(* Let $\mathcal{S}$ be a finite set of road segments and $y_1,\dots,y_N$ (collectively $y_{[N]}$) the routes of $N$ historical trips, each a nonempty set of distinct segments. For each $n$ and $s\in y_n$ one observes $T'_{n,s}=\theta_s+\varepsilon_{n,s}$, where the $\theta_s$ are i.i.d. with mean $\mu$ and variance $\tau^2>0$, independent of the errors; for each $n$ the errors $(\varepsilon_{n,s})_{s\in y_n}$ have mean $0$ and covariances $\sigma_{s,t}$; errors from different trips are independent. Suppose $\sigma_{s,t}\ge0$ for all $s,t\in\mathcal{S}$. Fix a route $y$ and a neighborhood $\delta(y)$ (a set of historical routes) such that $$N_{s\cup t}N^{\delta(y)}_sN^{\delta(y)}_t\le N^{\delta(y)}_{s\cup t}N_sN_t\quad\text{for all } s,t\in y.$$ Let $\hat\Theta^{\ast(\mathrm{seg})}_y$ be the optimal segment-based estimator and $\hat\Theta^{\ast(\mathrm{route})}_y$ the optimal route-based estimator with neighborhood $\delta(y)$. Then for any set of historical routes, $$R\big(\hat\Theta^{\ast(\mathrm{seg})}_y\mid y_{[N]}\big)\le R\big(\hat\Theta^{\ast(\mathrm{route})}_y\mid y_{[N]}\big).$$
   Context: $N_s=|\{n:s\in y_n\}|$, $N_{s\cup t}=|\{n:s,t\in y_n\}|$, $N^{\delta(y)}_s=|\{n:y_n\in\delta(y),s\in y_n\}|$, $N^{\delta(y)}_{s\cup t}=|\{n:y_n\in\delta(y),s,t\in y_n\}|$, $M_{\delta(y)}=\sum_n\mathbf 1\{y_n\in\delta(y)\}$; convention $0/0=0$. The integrated risk is $R(\hat\Theta_y\mid y_{[N]})=\mathbb{E}[(\hat\Theta_y-\sum_{s\in y}\theta_s)^2\mid y_{[N]}]$, expectation over errors and prior of $\theta$, conditional on the historical routes. A segment-based estimator has the form $\sum_{s\in y}[(1-\phi_s(N_s))\mu+\phi_s(N_s)\sum_{n:s\in y_n}T'_{n,s}/N_s]$ with $\phi_s:\mathbb{Z}_{\ge0}\to\mathbb{R}$, $\phi_s(0)=0$; the optimal one chooses the weights to minimize the integrated risk. A route-based estimator with neighborhood $\delta(y)$ has the form $(1-\phi_{\delta(y)}(M_{\delta(y)}))|y|\mu+\phi_{\delta(y)}(M_{\delta(y)})\sum_{n:y_n\in\delta(y)}\sum_{s\in y_n}T'_{n,s}/M_{\delta(y)}$ with $\phi_{\delta(y)}(0)=0$; the optimal one chooses the weight to minimize the integrated risk. *)

theory Defs
  imports "HOL-Probability.Probability"
begin

(* Historical routes: y :: nat => 'a set, trips indexed by n < N. *)

definition Nseg :: "nat \<Rightarrow> (nat \<Rightarrow> 'a set) \<Rightarrow> 'a \<Rightarrow> nat" where
  "Nseg N y s = card {n. n < N \<and> s \<in> y n}"

definition Npair :: "nat \<Rightarrow> (nat \<Rightarrow> 'a set) \<Rightarrow> 'a \<Rightarrow> 'a \<Rightarrow> nat" where
  "Npair N y s t = card {n. n < N \<and> s \<in> y n \<and> t \<in> y n}"

definition Nseg_nb :: "nat \<Rightarrow> (nat \<Rightarrow> 'a set) \<Rightarrow> 'a set set \<Rightarrow> 'a \<Rightarrow> nat" where
  "Nseg_nb N y D s = card {n. n < N \<and> y n \<in> D \<and> s \<in> y n}"

definition Npair_nb :: "nat \<Rightarrow> (nat \<Rightarrow> 'a set) \<Rightarrow> 'a set set \<Rightarrow> 'a \<Rightarrow> 'a \<Rightarrow> nat" where
  "Npair_nb N y D s t = card {n. n < N \<and> y n \<in> D \<and> s \<in> y n \<and> t \<in> y n}"

definition Mnb :: "nat \<Rightarrow> (nat \<Rightarrow> 'a set) \<Rightarrow> 'a set set \<Rightarrow> nat" where
  "Mnb N y D = card {n. n < N \<and> y n \<in> D}"

definition Tobs :: "('a \<Rightarrow> 'w \<Rightarrow> real) \<Rightarrow> (nat \<Rightarrow> 'a \<Rightarrow> 'w \<Rightarrow> real) \<Rightarrow> nat \<Rightarrow> 'a \<Rightarrow> 'w \<Rightarrow> real" where
  "Tobs \<theta> \<epsilon> n s \<omega> = \<theta> s \<omega> + \<epsilon> n s \<omega>"

(* segment-based estimator with weight functions phi_s (phi s 0 = 0); division 0/0 = 0 *)
definition seg_est :: "nat \<Rightarrow> (nat \<Rightarrow> 'a set) \<Rightarrow> ('a \<Rightarrow> 'w \<Rightarrow> real) \<Rightarrow> (nat \<Rightarrow> 'a \<Rightarrow> 'w \<Rightarrow> real)
    \<Rightarrow> real \<Rightarrow> 'a set \<Rightarrow> ('a \<Rightarrow> nat \<Rightarrow> real) \<Rightarrow> 'w \<Rightarrow> real" where
  "seg_est N y \<theta> \<epsilon> \<mu> yy \<phi> \<omega> =
     (\<Sum>s\<in>yy. (1 - \<phi> s (Nseg N y s)) * \<mu>
        + \<phi> s (Nseg N y s) * ((\<Sum>n\<in>{n. n < N \<and> s \<in> y n}. Tobs \<theta> \<epsilon> n s \<omega>) / real (Nseg N y s)))"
· · ·
__Description of the task__. What is the number of lines in the data above that include the word "Tobs"? Answer with that number only.

__The answer__. 3